A novelist must rise or fall with his characters. What of Harte? First of all we must observe that he makes no attempts at character development. Each personage introduced is the same at the close of the story as at the opening. He has no fully studied character: we have a burning moment, a flashlight glimpse—intense, paradoxical, startling, then no more. We never see the person again. The name may appear in later sketches, but it never designates the same man. Colonel Starbottle is consistent from story to story only in make-up, in stage "business," and the well known "gags"—as, for instance, a succession of phrases qualified by the adjective "blank." "Yuba Bill" is Harte's synonym for stage driver, "Jack Hamlin" for gambler. We have a feeling constantly that the characters are brought in simply to excite wonder. Gabriel Conroy devotes his life for years to the finding of his sister Grace. He leaves his wife to search for her; he can think of nothing else; yet when at length he does find her among the witnesses in a courtroom he takes it as a mere commonplace. A moment later, however, when told that his wife, for whom we know he cares nothing at all, has given birth to a son, he falls headlong in a swoon.

His characters may perhaps be true to facts; he may be able to give the prototype in every case; and yet we are not convinced. The stories told by the college freshman at home during his first Christmas vacation may all be true, and yet they may give a very false idea of college life in its entirety. So it is with Harte. The very year that he landed in California a procession of one thousand children, each child with a flower in his hand, marched one day in San Francisco. The Luck of Roaring Camp gives no such impression. In all save the remotest camps there were churches and worshipers, yet who would suspect it from Harte's tales? California has never accepted Harte's picture of its life, just as the South has never accepted Uncle Tom's Cabin. It is not fair to picture an era simply by dwelling on its exceptions and its grotesque possibilities. Art must rest upon the whole truth, not upon half truths.

The truth is that the man had no deep and abiding philosophy of life; he had indeed no philosophy at all. In the words of his discerning biographer, Merwin,

There was a want of background, both intellectual and moral, in his nature. He was an observer, not a thinker, and his genius was shown only as he lived in the life of others. Even his poetry is dramatic, not lyric. It was very seldom that Bret Harte, in his tales or elsewhere, advanced any abstract sentiment or idea; he was concerned only with the concrete; and it is noticeable that when he does venture to lay down a general principle, it fails to bear the impress of real conviction. The note of sincerity is wanting.[46]
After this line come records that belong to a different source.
lemma
  fixes Q :: "'a measure" and k :: nat
  defines "shifted \<equiv> \<lambda>G' :: nat \<Rightarrow> 'a. \<lambda>i\<in>{k..<2*k}. G' (i - k)"
  shows measurable_append_draws:
      "append_draws k \<in> PiM {..<k} (\<lambda>_. Q) \<Otimes>\<^sub>M PiM {..<k} (\<lambda>_. Q) \<rightarrow>\<^sub>M PiM {..<2*k} (\<lambda>_. Q)"
    and distr_append_draws: "prob_space Q \<Longrightarrow>
      distr (PiM {..<k} (\<lambda>_. Q) \<Otimes>\<^sub>M PiM {..<k} (\<lambda>_. Q)) (PiM {..<2*k} (\<lambda>_. Q)) (append_draws k)
        = PiM {..<2*k} (\<lambda>_. Q)"
proof -
  let ?Pk = "PiM {..<k} (\<lambda>_. Q)" and ?Psh = "PiM {k..<2*k} (\<lambda>_. Q)"
  have split: "{..<k} \<union> {k..<2*k} = {..<2*k}"
    by auto
  have shifted: "shifted \<in> ?Pk \<rightarrow>\<^sub>M ?Psh"
    unfolding shifted_def by (rule measurable_restrict) (auto intro!: measurable_component_singleton)
  have pre: "map_prod id shifted \<in> ?Pk \<Otimes>\<^sub>M ?Pk \<rightarrow>\<^sub>M ?Pk \<Otimes>\<^sub>M ?Psh"
    unfolding map_prod_def split_beta' id_def
    by (intro measurable_Pair measurable_fst measurable_compose[OF measurable_snd shifted])
  have merge: "merge {..<k} {k..<2*k} \<in> ?Pk \<Otimes>\<^sub>M ?Psh \<rightarrow>\<^sub>M PiM {..<2*k} (\<lambda>_. Q)"
    using measurable_merge[of "{..<k}" "{k..<2*k}" "\<lambda>_. Q"] unfolding split .
  have comp: "append_draws k = merge {..<k} {k..<2*k} \<circ> map_prod id shifted"
    by (auto simp: append_draws_def shifted_def fun_eq_iff)
  show "append_draws k \<in> ?Pk \<Otimes>\<^sub>M ?Pk \<rightarrow>\<^sub>M PiM {..<2*k} (\<lambda>_. Q)"
    unfolding comp using measurable_comp[OF pre merge] .
  assume Q: "prob_space Q"
  have "inj_on (\<lambda>i. i - k) {k..<2*k}" "(\<lambda>i. i - k) \<in> {k..<2*k} \<rightarrow> {..<k}"
    by (auto simp: inj_on_def)
  then have shifted_distr: "distr ?Pk ?Psh shifted = ?Psh"
    unfolding shifted_def using distr_PiM_reindex[of "{..<k}" "\<lambda>_. Q" "\<lambda>i. i - k"] Q by simp
  have "sigma_finite_measure (distr ?Pk ?Psh shifted)"
    unfolding shifted_distr using Q by (simp add: prob_space_PiM prob_space_imp_sigma_finite)
  from pair_measure_distr[OF measurable_id[of ?Pk] shifted this]
  have "distr (?Pk \<Otimes>\<^sub>M ?Pk) (?Pk \<Otimes>\<^sub>M ?Psh) (map_prod id shifted) = ?Pk \<Otimes>\<^sub>M ?Psh"
    unfolding shifted_distr by (simp add: map_prod_def id_def distr_id)
  moreover interpret product_sigma_finite "\<lambda>_. Q"
    using Q by (simp add: product_sigma_finite_def prob_space_imp_sigma_finite)
  have "distr (?Pk \<Otimes>\<^sub>M ?Psh) (PiM {..<2*k} (\<lambda>_. Q)) (merge {..<k} {k..<2*k}) = PiM {..<2*k} (\<lambda>_. Q)"
    using distr_merge[of "{..<k}" "{k..<2*k}"] unfolding split by (simp add: disjoint_iff)
  ultimately show "distr (?Pk \<Otimes>\<^sub>M ?Pk) (PiM {..<2*k} (\<lambda>_. Q)) (append_draws k) = PiM {..<2*k} (\<lambda>_. Q)"
    unfolding comp by (simp add: distr_distr[OF merge pre, symmetric])
qed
The fact that his rascals in a crisis often do deeds of sublime heroism must not deceive us, despite the author's protestations of a great moral purpose underlying his work.

Without claiming to be a religious man or a moralist, but simply as an artist, he shall reverently and humbly conform to the rules laid down by a Great Poet who created the parables of the Prodigal Son and the Good Samaritan, whose works have lasted eighteen hundred years, and will remain when the present writer and his generation are forgotten. And he is conscious of uttering no original doctrine in this, but of only voicing the beliefs of a few of his literary brethren happily living, and one gloriously dead, who never made proclamation of this from the housetops.[47]